The Rock and Roll Hall of Fame + Museum


Songs That Shaped Rock and Roll: "Peggy Sue"

Friday, June 29: 12:29 p.m.
Posted by Shelby Morrison
Buddy Holly and the Crickets' "Peggy Sue" is one of the Songs That Shaped Rock and Roll

On Monday, July 1, 1957, Buddy Holly and the Crickets set up their equipment in Clovis, New Mexico, at the Norman Petty Recording Studio to lay down the songs “Peggy Sue,” “Oh Boy,” “Listen to Me” and “I’m Gonna Love You Too.” During the session, they unwittingly had a special guest – a real cricket had found its way into the echo chamber and ended up on two of the songs, “Listen to Me” and “I’m Gonna Love You Too.” All attempts at trapping the serendipitous cricket had failed, so they kept the tape rolling.

Holly had brought a song called “Cindy Lou” to Clovis to record. This song eventually became the hit “Peggy Sue.” Originally, Holly composed the song using the name “Cindy,” after his sister Pat’s small daughter; and “Lou,” after Pat’s middle name. “Cindy Lou” was already being featured in the Cricket’s stage set, played to a Latin beat. When the Crickets began rehearsal for the songs, drummer J.I. Allison warmed up with a hard, pounding double paradiddle beat with no cymbals on his snare drum. Holly liked the sound and suggested that they use it on “Cindy Lou” and the band agreed. The custom-built, acoustically perfect walls inside the Petty recording studio magnified the drum beat so much that Allison had to move his drum kit to the reception area of the studio, next to the Coke machine.

As the Crickets started to record the song, they found the words of the song – in essence, about a toddler in pigtails – did not work with the newfound tempo and beat. At the time, Allison was dating a blonde majorette who also played alto saxophone in the Lubbock High School band named Peggy Sue Gerron. Allison wanted to honor his new gal – and future wife – and asked whether they could change the name of the song to “Peggy Sue.” Holly agreed, and with a new beat and new girl, the song really took shape – but not without issue.
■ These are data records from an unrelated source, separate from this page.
(* Let $k\ge 1$ and let $\{v_1,\ldots,v_k\}$ be a set of $k$ distinct integers that does not have the LR property. Then $\operatorname{lcm}(2,3,\ldots,k+1)$ divides $\prod_{i=1}^{k} v_i$.
   Context: For a real number $x$, $\|x\|$ denotes the distance from $x$ to the nearest integer. A finite set $S$ of $m$ integers has the LR (lonely runner) property if there exists a real $t$ such that $\|tv\|\ge \frac{1}{m+1}$ for all $v\in S$. *)

theory Defs
  imports Complex_Main
begin

definition dist_nearest_int :: "real \<Rightarrow> real" where
  "dist_nearest_int x = (INF n\<in>(\<int>::real set). \<bar>x - n\<bar>)"

definition LR_property :: "int set \<Rightarrow> bool" where
  "LR_property S \<longleftrightarrow>
     (\<exists>t::real. \<forall>v\<in>S. dist_nearest_int (t * of_int v) \<ge> 1 / (real (card S) + 1))"

end

theory Submission
  imports Defs
begin

text \<open>If no element of \<open>S\<close> is a multiple of \<open>q \<le> card S + 1\<close>, then every runner is at
  distance at least \<open>1/q\<close> from the origin at time \<open>t = 1/q\<close>. So for a set without the LR
  property each \<open>q \<in> {2..k+1}\<close> divides one of its elements, hence their product, and therefore
  so does the least common multiple of these \<open>q\<close>.\<close>

lemma dist_nearest_int_of_int_divide_ge:
  fixes v q :: int
  assumes "q > 0" and "\<not> q dvd v"
  shows "1 / of_int q \<le> dist_nearest_int (of_int v / of_int q)"
  unfolding dist_nearest_int_def
proof (rule cINF_greatest)
  show "(\<int>::real set) \<noteq> {}" by auto
next
  fix n :: real assume "n \<in> \<int>"
  then obtain m where n: "n = of_int m" by (auto elim: Ints_cases)
  have "v \<noteq> q * m" using assms(2) by auto
  then have "1 \<le> \<bar>v - q * m\<bar>" by linarith
  then have "1 \<le> \<bar>of_int v - of_int q * of_int m :: real\<bar>"
    by (metis of_int_1_le_iff of_int_abs of_int_diff of_int_mult)
  moreover have "\<bar>of_int v / of_int q - n\<bar> = \<bar>of_int v - of_int q * of_int m\<bar> / of_int q"
    using assms(1) by (simp add: n field_simps)
  ultimately show "1 / of_int q \<le> \<bar>of_int v / of_int q - n\<bar>"
    using assms(1) by (simp add: divide_right_mono)
qed

lemma LR_property_if_no_multiple:
  fixes S :: "int set" and q :: int
  assumes "0 < q" and "q \<le> int (card S) + 1" and "\<forall>v\<in>S. \<not> q dvd v"
  shows "LR_property S"
  unfolding LR_property_def
proof (intro exI ballI)
  fix v assume "v \<in> S"
  have "real_of_int q \<le> real (card S) + 1"
    using assms(2) by linarith
  then have "1 / (real (card S) + 1) \<le> 1 / of_int q"
    using assms(1) by (intro divide_left_mono) auto
  also have "\<dots> \<le> dist_nearest_int (of_int v / of_int q)"
    using assms \<open>v \<in> S\<close> by (intro dist_nearest_int_of_int_divide_ge) auto
  finally show "1 / (real (card S) + 1) \<le> dist_nearest_int (1 / of_int q * of_int v)"
    by simp
qed

theorem lemma3:
  fixes S :: "int set" and k :: nat
  assumes "finite S" and "card S = k" and "k \<ge> 1"
    and "\<not> LR_property S"
  shows "int (Lcm {2..k+1}) dvd (\<Prod>v\<in>S. v)"
proof -
  have "m dvd nat \<bar>\<Prod>v\<in>S. v\<bar>" if m: "m \<in> {2..k+1}" for m
  proof -
    have "0 < int m" and "int m \<le> int (card S) + 1"
      using m assms(2) by auto
    then obtain v where "v \<in> S" and "int m dvd v"
      using LR_property_if_no_multiple[of "int m" S] assms(4) by blast
    then have "int m dvd (\<Prod>v\<in>S. v)"
      using assms(1) by (meson dvd_prodI dvd_trans)
    then show ?thesis by simp
  qed
  then have "Lcm {2..k+1} dvd nat \<bar>\<Prod>v\<in>S. v\<bar>" by (intro Lcm_least)
  then show ?thesis by simp
qed

end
Initially, Holly struggled playing guitar to the revved up rhythm, as he couldn’t get his hand to the pickup selector switch on his Fender Stratocaster without losing the beat.  As a workaround, guitarist Niki Sullivan knelt beside Holly during the recording and flipped the switch for him at the appropriate points. Producer Norman Petty was also flipping switches, as he turned the echo chamber’s control switch off and on continuously, so that it sounded like there were two drummers playing on the record. With the ingenuity of their recording techniques, the instrumentation and Holly’s hiccup-inflected vocals, the song was perfect.

The song was a hit, catapulting to number three on Billboard’s pop charts in late 1957 / early 1958. “Peggy Sue” continues to resonate, as it has been covered by a multitude of artists from the Beach Boys to John Lennon to Cobra Starship. Holly was inducted into the Rock and Roll Hall of Fame in 1986; and the Crickets were inducted into the Rock and Roll Hall of Fame in 2012. Buddy Holly is featured in the Rock and Roll Hall of Fame and Museum's Cities and Sounds exhibit, in the Rave On – Rock and Roll's Early Years section, which pays tribute to the pioneers who created the sound and style of rock and roll.